Le bateau gagne le milieu du fleuve, il évite les bancs de sable. Des enfants nous saluent, des buffles, des bufflesses et leurs buffletins descendent boire d’un pas chaloupé, un pêcheur jette un filet, un homme crache sur le pont du bateau, un bébé au sein connaît une félicité qu’il passera sa vie à rechercher, les barbares emprisonnent des images dans des boîtes, une jeune Laotienne les mange des yeux, un radio éructe de la bouillie(…), les montagnes gardent les fleurs et racines, secrets des guérisons.

En Europe il neige.

Japon :

La femme japonaise est un chef-d’oeuvre. Il s’éffrite. La japonaise pratique une féminité à la sexualité cachée. Derrière l’écrin, une grande sentimentalité.

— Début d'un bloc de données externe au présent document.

(* For every real Banach space $X$ with $\dim X\ge 2$ and all $\alpha,\beta>0$, $$DW(X,\alpha,\beta)\ge(\alpha+\beta)\max\{2\rho_X'(0),1\}.$$
   Context: For $\alpha,\beta>0$, $$DW(X,\alpha,\beta)=\sup\left\{\frac{\alpha\|x\|+\beta\|y\|}{\|x-y\|}\left\|\frac{x}{\|x\|}-\frac{y}{\|y\|}\right\|: x,y\in X\setminus\{0\},\ x\neq y\right\}.$$ The Lindenstrauss modulus of smoothness is $\rho_X(t)=\sup\{\tfrac12(\|x+ty\|+\|x-ty\|)-1: x,y\in B_X\}$ for $t\ge0$ ($B_X$ the closed unit ball), and $\rho_X'(0)=\lim_{t\to0^+}\rho_X(t)/t$ is the characteristic of smoothness. *)

theory Defs
  imports "HOL-Analysis.Analysis"
begin

text \<open>The constant DW(X,alpha,beta), valued in the extended reals (the supremum may be infinite).\<close>
definition DW :: "'a::real_normed_vector itself \<Rightarrow> real \<Rightarrow> real \<Rightarrow> ereal" where
  "DW _ \<alpha> \<beta> = Sup {ereal ((\<alpha> * norm x + \<beta> * norm y) / norm (x - y)
                          * norm (x /\<^sub>R norm x - y /\<^sub>R norm y))
                     | x y :: 'a. x \<noteq> 0 \<and> y \<noteq> 0 \<and> x \<noteq> y}"

definition rho_mod :: "'a::real_normed_vector itself \<Rightarrow> real \<Rightarrow> real" where
  "rho_mod _ t = Sup {(norm (x + t *\<^sub>R y) + norm (x - t *\<^sub>R y)) / 2 - 1
                     | x y :: 'a. norm x \<le> 1 \<and> norm y \<le> 1}"

definition rho_char :: "'a::real_normed_vector itself \<Rightarrow> real" where
  "rho_char X = Lim (at_right 0) (\<lambda>t. rho_mod X t / t)"

end

theory Submission
  imports Defs
begin

text \<open>
  Test DW on the pair \<open>x + t y\<close>, \<open>x\<close> with \<open>x, y\<close> in the unit ball: the distance of the two
  points is at most \<open>t\<close>, while the distance of their normalisations is at least
  \<open>2\<phi> / \<parallel>x + t y\<parallel>\<close>, where \<open>\<phi> = (\<parallel>x + t y\<parallel> + \<parallel>x - t y\<parallel>) / 2 - 1\<close>. Taking the supremum over
  \<open>x, y\<close> gives \<open>DW \<ge> 2 (\<alpha> + \<beta> (1 - t)) \<rho>(t) / t\<close>, and \<open>t \<rightarrow> 0\<^sup>+\<close> yields the bound
  \<open>2 (\<alpha> + \<beta>) \<rho>'(0)\<close>; the limit exists because \<open>\<rho>(t) / t\<close> is monotone by convexity.
  The bound \<open>\<alpha> + \<beta>\<close> comes from an antipodal pair \<open>x, -x\<close>.
\<close>

definition smoothness_term :: "'a::real_normed_vector \<Rightarrow> 'a \<Rightarrow> real \<Rightarrow> real" where
  "smoothness_term x y t = (norm (x + t *\<^sub>R y) + norm (x - t *\<^sub>R y)) / 2 - 1"

lemma rho_mod_eq_Sup_smoothness_term:
  "rho_mod TYPE('a::real_normed_vector) t =
     Sup {smoothness_term x y t | x y :: 'a. norm x \<le> 1 \<and> norm y \<le> 1}"
  by (simp add: rho_mod_def smoothness_term_def)

lemma smoothness_term_le:
  assumes "norm x \<le> 1" "norm y \<le> 1" "0 \<le> t"
  shows "smoothness_term x y t \<le> t"
proof -
  have "norm (x + t *\<^sub>R y) \<le> 1 + t" "norm (x - t *\<^sub>R y) \<le> 1 + t"
    using norm_triangle_ineq[of x "t *\<^sub>R y"] norm_triangle_ineq4[of x "t *\<^sub>R y"]
      mult_left_le[of "norm y" t] assms by auto
  then show ?thesis
    by (simp add: smoothness_term_def field_simps)
qed

lemma smoothness_term_le_rho_mod:
  fixes x y :: "'a::real_normed_vector"
  assumes "norm x \<le> 1" "norm y \<le> 1" "0 \<le> t"
  shows "smoothness_term x y t \<le> rho_mod TYPE('a) t"
  unfolding rho_mod_eq_Sup_smoothness_term
  by (rule cSup_upper) (use assms smoothness_term_le in \<open>auto intro!: bdd_aboveI\<close>)

lemma rho_mod_le:
  assumes "\<And>x y :: 'a::real_normed_vector.
             norm x \<le> 1 \<Longrightarrow> norm y \<le> 1 \<Longrightarrow> smoothness_term x y t \<le> M"
  shows "rho_mod TYPE('a) t \<le> M"
  unfolding rho_mod_eq_Sup_smoothness_term
proof (rule cSup_least)
  have "norm (0::'a) \<le> 1"
    by simp
  then show "{smoothness_term x y t | x y :: 'a. norm x \<le> 1 \<and> norm y \<le> 1} \<noteq> {}"
    by blast
qed (use assms in auto)

lemma rho_mod_nonneg:
  assumes "(e::'a::real_normed_vector) \<noteq> 0" "0 \<le> t"
  shows "0 \<le> rho_mod TYPE('a) t"
  using smoothness_term_le_rho_mod[of "e /\<^sub>R norm e" 0 t] assms
  by (simp add: smoothness_term_def)

text \<open>Convexity of \<open>t \<mapsto> \<parallel>x \<pm> t y\<parallel>\<close>, compared with the value \<open>\<parallel>x\<parallel> \<le> 1\<close> at \<open>t = 0\<close>.\<close>
lemma smoothness_term_scale_le:
  assumes "norm x \<le> 1" "0 \<le> c" "c \<le> 1"
  shows "smoothness_term x y (c * t) \<le> c * smoothness_term x y t"
proof -
  have "norm (x + s *\<^sub>R (c * t) *\<^sub>R y) \<le> (1 - c) + c * norm (x + s *\<^sub>R t *\<^sub>R y)" for s
  proof -
    have "x + s *\<^sub>R (c * t) *\<^sub>R y = (1 - c) *\<^sub>R x + c *\<^sub>R (x + s *\<^sub>R t *\<^sub>R y)"
      by (simp add: algebra_simps)
    also have "norm \<dots> \<le> (1 - c) * norm x + c * norm (x + s *\<^sub>R t *\<^sub>R y)"
      using norm_triangle_ineq[of "(1 - c) *\<^sub>R x" "c *\<^sub>R (x + s *\<^sub>R t *\<^sub>R y)"] assms by simp
    also have "(1 - c) * norm x \<le> 1 - c"
      using assms by (simp add: mult_left_le)
    finally show ?thesis by simp
  qed
  from this[of 1] this[of "-1"] show ?thesis
    by (simp add: smoothness_term_def field_simps)
qed

lemma rho_mod_scale_le:
  assumes "0 \<le> c" "c \<le> 1" "0 \<le> t"
  shows "rho_mod TYPE('a::real_normed_vector) (c * t) \<le> c * rho_mod TYPE('a) t"
proof (rule rho_mod_le)
  fix x y :: 'a
  assume "norm x \<le> 1" "norm y \<le> 1"
  then have "smoothness_term x y (c * t) \<le> c * smoothness_term x y t"
    "smoothness_term x y t \<le> rho_mod TYPE('a) t"
    using smoothness_term_scale_le smoothness_term_le_rho_mod assms by blast+
  then show "smoothness_term x y (c * t) \<le> c * rho_mod TYPE('a) t"
    using assms by (meson mult_left_mono order_trans)
qed

lemma rho_mod_divide_mono:
  assumes "0 < s" "s \<le> t"
  shows "rho_mod TYPE('a::real_normed_vector) s / s \<le> rho_mod TYPE('a) t / t"
proof -
  have "rho_mod TYPE('a) ((s / t) * t) \<le> (s / t) * rho_mod TYPE('a) t"
    using assms by (intro rho_mod_scale_le) auto
  then show ?thesis
    using assms by (simp add: field_simps)
qed

lemma tendsto_rho_char:
  assumes "(e::'a::real_normed_vector) \<noteq> 0"
  shows "((\<lambda>t. rho_mod TYPE('a) t / t) \<longlongrightarrow> rho_char TYPE('a)) (at_right 0)"
proof -
  have "((\<lambda>t. rho_mod TYPE('a) t / t)
          \<longlongrightarrow> Inf ((\<lambda>t. rho_mod TYPE('a) t / t) ` ({0<..} \<inter> UNIV)))
          (at 0 within ({0<..} \<inter> UNIV))"
    by (rule Lim_right_bound)
      (use rho_mod_divide_mono rho_mod_nonneg[OF assms] in \<open>auto intro: divide_nonneg_pos\<close>)
  then show ?thesis
    unfolding rho_char_def by (simp add: tendsto_Lim)
qed

lemma le_DW:
  fixes x y :: "'a::real_normed_vector"
  assumes "x \<noteq> 0" "y \<noteq> 0" "x \<noteq> y"
  shows "ereal ((\<alpha> * norm x + \<beta> * norm y) / norm (x - y)
           * norm (x /\<^sub>R norm x - y /\<^sub>R norm y)) \<le> DW TYPE('a) \<alpha> \<beta>"
  unfolding DW_def by (rule Sup_upper) (use assms in blast)

lemma add_le_DW:
  assumes "(e::'a::real_normed_vector) \<noteq> 0"
  shows "ereal (\<alpha> + \<beta>) \<le> DW TYPE('a) \<alpha> \<beta>"
proof -
  have double: "e - - e = 2 *\<^sub>R e"
      "e /\<^sub>R norm e - - e /\<^sub>R norm (- e) = 2 *\<^sub>R (e /\<^sub>R norm e)"
    by (metis scaleR_2 diff_minus_eq_add,
        metis norm_minus_cancel scaleR_2 scaleR_minus_right diff_minus_eq_add)
  then have "e \<noteq> - e"
    using assms by (metis diff_self scaleR_eq_0_iff zero_neq_numeral)
  moreover have "(\<alpha> * norm e + \<beta> * norm (- e)) / norm (2 *\<^sub>R e) * norm (2 *\<^sub>R (e /\<^sub>R norm e))
                  = \<alpha> + \<beta>"
    using assms by (simp add: field_simps)
  ultimately show ?thesis
    using le_DW[of e "- e" \<alpha> \<beta>] assms unfolding double by simp
qed

lemma norm_diff_normalized_ge:
  fixes u x :: "'a::real_normed_vector"
  assumes "x \<noteq> 0" "norm u \<le> 2 * norm x"
  shows "norm u + norm (2 *\<^sub>R x - u) - 2 * norm x
           \<le> norm u * norm (u /\<^sub>R norm u - x /\<^sub>R norm x)"
proof (cases "u = 0")
  case True
  then show ?thesis by simp
next
  case False
  define c where "c = 2 - norm u / norm x"
  have "norm (c *\<^sub>R x) = 2 * norm x - norm u"
    using assms by (simp add: c_def field_simps)
  have "norm u *\<^sub>R (u /\<^sub>R norm u - x /\<^sub>R norm x) = c *\<^sub>R x - (2 *\<^sub>R x - u)"
    using False by (simp add: c_def algebra_simps divide_inverse)
  then have "norm u * norm (u /\<^sub>R norm u - x /\<^sub>R norm x) = norm (c *\<^sub>R x - (2 *\<^sub>R x - u))"
    by (metis abs_norm_cancel norm_scaleR)
  also have "\<dots> \<ge> norm (2 *\<^sub>R x - u) - norm (c *\<^sub>R x)"
    by (metis norm_minus_commute norm_triangle_ineq2)
  finally show ?thesis
    using \<open>norm (c *\<^sub>R x) = 2 * norm x - norm u\<close> by linarith
qed

lemma smoothness_term_bound_le_DW:
  fixes x y :: "'a::real_normed_vector"
  assumes "norm x \<le> 1" "norm y \<le> 1" "0 < t" "t \<le> 1/2" "0 \<le> \<alpha>" "0 \<le> \<beta>"
    and pos: "0 < smoothness_term x y t"
  shows "ereal ((\<alpha> + \<beta> * (1 - t)) * (2 * smoothness_term x y t) / t) \<le> DW TYPE('a) \<alpha> \<beta>"
proof -
  define u where "u = x + t *\<^sub>R y"
  define \<phi> where "\<phi> = smoothness_term x y t"
  define A where "A = norm (u /\<^sub>R norm u - x /\<^sub>R norm x)"
  define N where "N = \<alpha> * norm u + \<beta> * norm x"
  have ty: "norm (t *\<^sub>R y) \<le> t"
    using assms by (simp add: mult_left_le)
  have u_le: "norm u \<le> norm x + t" and w_le: "norm (x - t *\<^sub>R y) \<le> norm x + t"
    using norm_triangle_ineq[of x "t *\<^sub>R y"] norm_triangle_ineq4[of x "t *\<^sub>R y"] ty
    by (auto simp: u_def)
  have sum_eq: "norm u + norm (2 *\<^sub>R x - u) = 2 + 2 * \<phi>"
    by (simp add: u_def \<phi>_def smoothness_term_def scaleR_2)
  have x_gt: "1 - t < norm x"
    using u_le w_le sum_eq pos by (simp add: u_def \<phi>_def scaleR_2)
  then have "x \<noteq> 0" "norm u \<le> 2 * norm x"
    using u_le \<open>t \<le> 1/2\<close> by auto
  then have angle: "2 * \<phi> \<le> norm u * A"
    using norm_diff_normalized_ge[of x u] sum_eq assms(1) by (simp add: A_def)
  then have "u \<noteq> 0" "u \<noteq> x"
    using pos by (auto simp: A_def \<phi>_def)
  have dist: "norm (u - x) \<le> t"
    using ty by (simp add: u_def)
  have "(1 - t) * norm u \<le> norm x"
  proof -
    have "(1 - t) * norm u \<le> (1 - t) * (norm x + t)"
      using u_le assms by (simp add: mult_left_mono)
    also have "\<dots> = norm x - t * (norm x + t - 1)"
      by (simp add: algebra_simps)
    also have "\<dots> \<le> norm x"
      using x_gt \<open>0 < t\<close> by simp
    finally show ?thesis .
  qed
  from mult_left_mono[OF this \<open>0 \<le> \<beta>\<close>]
  have "(\<alpha> + \<beta> * (1 - t)) * norm u \<le> N"
    by (simp add: N_def algebra_simps)
  have "(\<alpha> + \<beta> * (1 - t)) * (2 * \<phi>) \<le> (\<alpha> + \<beta> * (1 - t)) * (norm u * A)"
    using mult_left_mono[OF angle, of "\<alpha> + \<beta> * (1 - t)"] assms by simp
  also have "\<dots> \<le> N * A"
    using mult_right_mono[OF \<open>(\<alpha> + \<beta> * (1 - t)) * norm u \<le> N\<close>, of A] by (simp add: A_def)
  finally have "(\<alpha> + \<beta> * (1 - t)) * (2 * \<phi>) / t \<le> N * A / t"
    using \<open>0 < t\<close> by (simp add: divide_right_mono)
  also have "N * A / t \<le> N * A / norm (u - x)"
    using dist \<open>u \<noteq> x\<close> assms by (intro divide_left_mono) (auto simp: N_def A_def)
  finally have "ereal ((\<alpha> + \<beta> * (1 - t)) * (2 * \<phi>) / t) \<le> ereal (N / norm (u - x) * A)"
    by simp
  also have "\<dots> \<le> DW TYPE('a) \<alpha> \<beta>"
    using le_DW[OF \<open>u \<noteq> 0\<close> \<open>x \<noteq> 0\<close> \<open>u \<noteq> x\<close>] by (simp add: N_def A_def)
  finally show ?thesis
    by (simp add: \<phi>_def)
qed

lemma ereal_mult_rho_mod_le:
  assumes "0 < k"
    and "\<And>x y :: 'a::real_normed_vector. norm x \<le> 1 \<Longrightarrow> norm y \<le> 1 \<Longrightarrow>
           ereal (k * smoothness_term x y t) \<le> E"
  shows "ereal (k * rho_mod TYPE('a) t) \<le> E"
proof (cases E)
  case (real D)
  have "rho_mod TYPE('a) t \<le> D / k"
    by (rule rho_mod_le) (use assms real in \<open>simp add: pos_le_divide_eq mult.commute\<close>)
  then show ?thesis
    using assms real by (simp add: pos_le_divide_eq mult.commute)
next
  case MInf
  then show ?thesis
    using assms(2)[of 0 0] by simp
qed simp

lemma rho_mod_bound_le_DW:
  assumes "(e::'a::real_normed_vector) \<noteq> 0" "0 < t" "t \<le> 1/2" "0 < \<alpha>" "0 < \<beta>"
  shows "ereal ((\<alpha> + \<beta> * (1 - t)) * (2 * (rho_mod TYPE('a) t / t))) \<le> DW TYPE('a) \<alpha> \<beta>"
proof -
  define k where "k = (\<alpha> + \<beta> * (1 - t)) * 2 / t"
  have "0 < k"
    using assms by (simp add: k_def add_pos_nonneg)
  have "ereal (k * rho_mod TYPE('a) t) \<le> DW TYPE('a) \<alpha> \<beta>"
  proof (rule ereal_mult_rho_mod_le[OF \<open>0 < k\<close>])
    fix x y :: 'a
    assume "norm x \<le> 1" "norm y \<le> 1"
    show "ereal (k * smoothness_term x y t) \<le> DW TYPE('a) \<alpha> \<beta>"
    proof (cases "0 < smoothness_term x y t")
      case True
      have "k * smoothness_term x y t = (\<alpha> + \<beta> * (1 - t)) * (2 * smoothness_term x y t) / t"
        by (simp add: k_def)
      with True show ?thesis
        using smoothness_term_bound_le_DW[of x y t \<alpha> \<beta>] \<open>norm x \<le> 1\<close> \<open>norm y \<le> 1\<close> assms
        by simp
    next
      case False
      then have "k * smoothness_term x y t \<le> 0"
        using \<open>0 < k\<close> by (simp add: mult_nonneg_nonpos)
      then have "ereal (k * smoothness_term x y t) \<le> ereal (\<alpha> + \<beta>)"
        using assms by simp
      then show ?thesis
        using add_le_DW[OF assms(1)] by (rule order_trans)
    qed
  qed
  moreover have "(\<alpha> + \<beta> * (1 - t)) * (2 * (rho_mod TYPE('a) t / t)) = k * rho_mod TYPE('a) t"
    by (simp add: k_def)
  ultimately show ?thesis
    by simp
qed

theorem theorem4:
  fixes \<alpha> \<beta> :: real
  assumes dim2: "\<exists>u v :: 'a::banach. u \<noteq> v \<and> independent {u, v}"
    and "\<alpha> > 0" and "\<beta> > 0"
  shows "DW TYPE('a) \<alpha> \<beta> \<ge> ereal ((\<alpha> + \<beta>) * max (2 * rho_char TYPE('a)) 1)"
proof -
  obtain e v :: 'a where "independent {e, v}"
    using dim2 by blast
  then have "e \<noteq> 0"
    using dependent_zero by blast
  have "((\<lambda>t. (\<alpha> + \<beta> * (1 - t)) * (2 * (rho_mod TYPE('a) t / t)))
          \<longlongrightarrow> (\<alpha> + \<beta> * (1 - 0)) * (2 * rho_char TYPE('a))) (at_right 0)"
    by (intro tendsto_mult tendsto_add tendsto_diff tendsto_const tendsto_ident_at
        tendsto_rho_char[OF \<open>e \<noteq> 0\<close>])
  then have "((\<lambda>t. ereal ((\<alpha> + \<beta> * (1 - t)) * (2 * (rho_mod TYPE('a) t / t))))
          \<longlongrightarrow> ereal ((\<alpha> + \<beta>) * (2 * rho_char TYPE('a)))) (at_right 0)"
    by (simp add: tendsto_ereal)
  moreover have "\<forall>\<^sub>F t in at_right 0.
      ereal ((\<alpha> + \<beta> * (1 - t)) * (2 * (rho_mod TYPE('a) t / t))) \<le> DW TYPE('a) \<alpha> \<beta>"
    unfolding eventually_at_right_field
    using rho_mod_bound_le_DW[OF \<open>e \<noteq> 0\<close>] assms by (intro exI[of _ "1/2"]) auto
  ultimately have "ereal ((\<alpha> + \<beta>) * (2 * rho_char TYPE('a))) \<le> DW TYPE('a) \<alpha> \<beta>"
    by (rule tendsto_upperbound) simp
  then show ?thesis
    using add_le_DW[OF \<open>e \<noteq> 0\<close>, of \<alpha> \<beta>] assms by (simp add: max_mult_distrib_left)
qed

end
text \<open>
  Flip a fair coin and then run \<open>A\<^sub>1\<close> or \<open>A\<^sub>2\<close> on disjoint copies of their state spaces.
  For every threshold \<open>\<eta>\<close>, the probability that a run of this union automaton has value
  at least \<open>\<eta>\<close> is the average of the corresponding probabilities for \<open>A\<^sub>1\<close> and \<open>A\<^sub>2\<close>.
  An average of two probabilities is positive iff one of them is, and equals 1 iff both do;
  taking the supremum over \<open>\<eta>\<close> gives the maximum under the positive semantics and, since
  the thresholds reached almost surely form a down-closed set, the minimum under the
  almost-sure semantics. The value function plays no role.

  The run measure is only specified through its cylinder probabilities. It is unique by
  Dynkin's \<open>\<pi>\<close>-\<open>\<lambda>\<close> theorem, and it exists because it is the image of an i.i.d. stream of
  random transition tables, one drawn afresh for every step of the run.
\<close>

lemma (in prob_space) emeasure_stream_space_snth_prod:
  assumes "\<And>i. i < n \<Longrightarrow> B i \<in> sets M"
  shows "emeasure (stream_space M) {s \<in> space (stream_space M). \<forall>i<n. s !! i \<in> B i} =
    (\<Prod>i<n. emeasure M (B i))"
  using assms
proof (induction n arbitrary: B)
  case 0
  interpret S: prob_space "stream_space M" by (rule prob_space_stream_space)
  show ?case by (simp add: S.emeasure_space_1)
next
  case (Suc n)
  have [measurable]: "B i \<in> sets M" if "i < Suc n" for i using Suc.prems that .
  have "{s \<in> space (stream_space M). \<forall>i\<in>{..<Suc n}. s !! i \<in> B i} \<in> sets (stream_space M)"
    by (intro sets.sets_Collect_finite_All) measurable
  moreover have "{s \<in> space (stream_space M). t ## s \<in> {s \<in> space (stream_space M). \<forall>i<Suc n. s !! i \<in> B i}}
      = (if t \<in> B 0 then {s \<in> space (stream_space M). \<forall>i<n. s !! i \<in> B (Suc i)} else {})"
    if "t \<in> space M" for t
    using that by (auto simp: All_less_Suc2 space_stream_space)
  ultimately have "emeasure (stream_space M) {s \<in> space (stream_space M). \<forall>i<Suc n. s !! i \<in> B i}
    = (\<integral>\<^sup>+t. indicator (B 0) t *
         emeasure (stream_space M) {s \<in> space (stream_space M). \<forall>i<n. s !! i \<in> B (Suc i)} \<partial>M)"
    by (subst emeasure_stream_space) (auto intro!: nn_integral_cong split: split_indicator)
  also have "\<dots> = emeasure M (B 0) * (\<Prod>i<n. emeasure M (B (Suc i)))"
    using Suc by (simp add: nn_integral_multc)
  also have "\<dots> = (\<Prod>i<Suc n. emeasure M (B i))"
    by (rule prod.lessThan_Suc_shift[symmetric])
  finally show ?case .
qed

Elle naît mère et ne devient épouse ou maîtresse qu’en passant. Elle regarde les passions des hommes (pouvoir, argent, sexe, alcool) comme les caprices d’un enfant.

Elle sert le saké comme si elle donnait la tétée. Elle met à l’hôte une serviette autour du cou comme elle lange. Elles semblent sorties d’une machine à laver et d’une boîte à musique.

Prendre l’âge pour une femme, c’est gagner en art.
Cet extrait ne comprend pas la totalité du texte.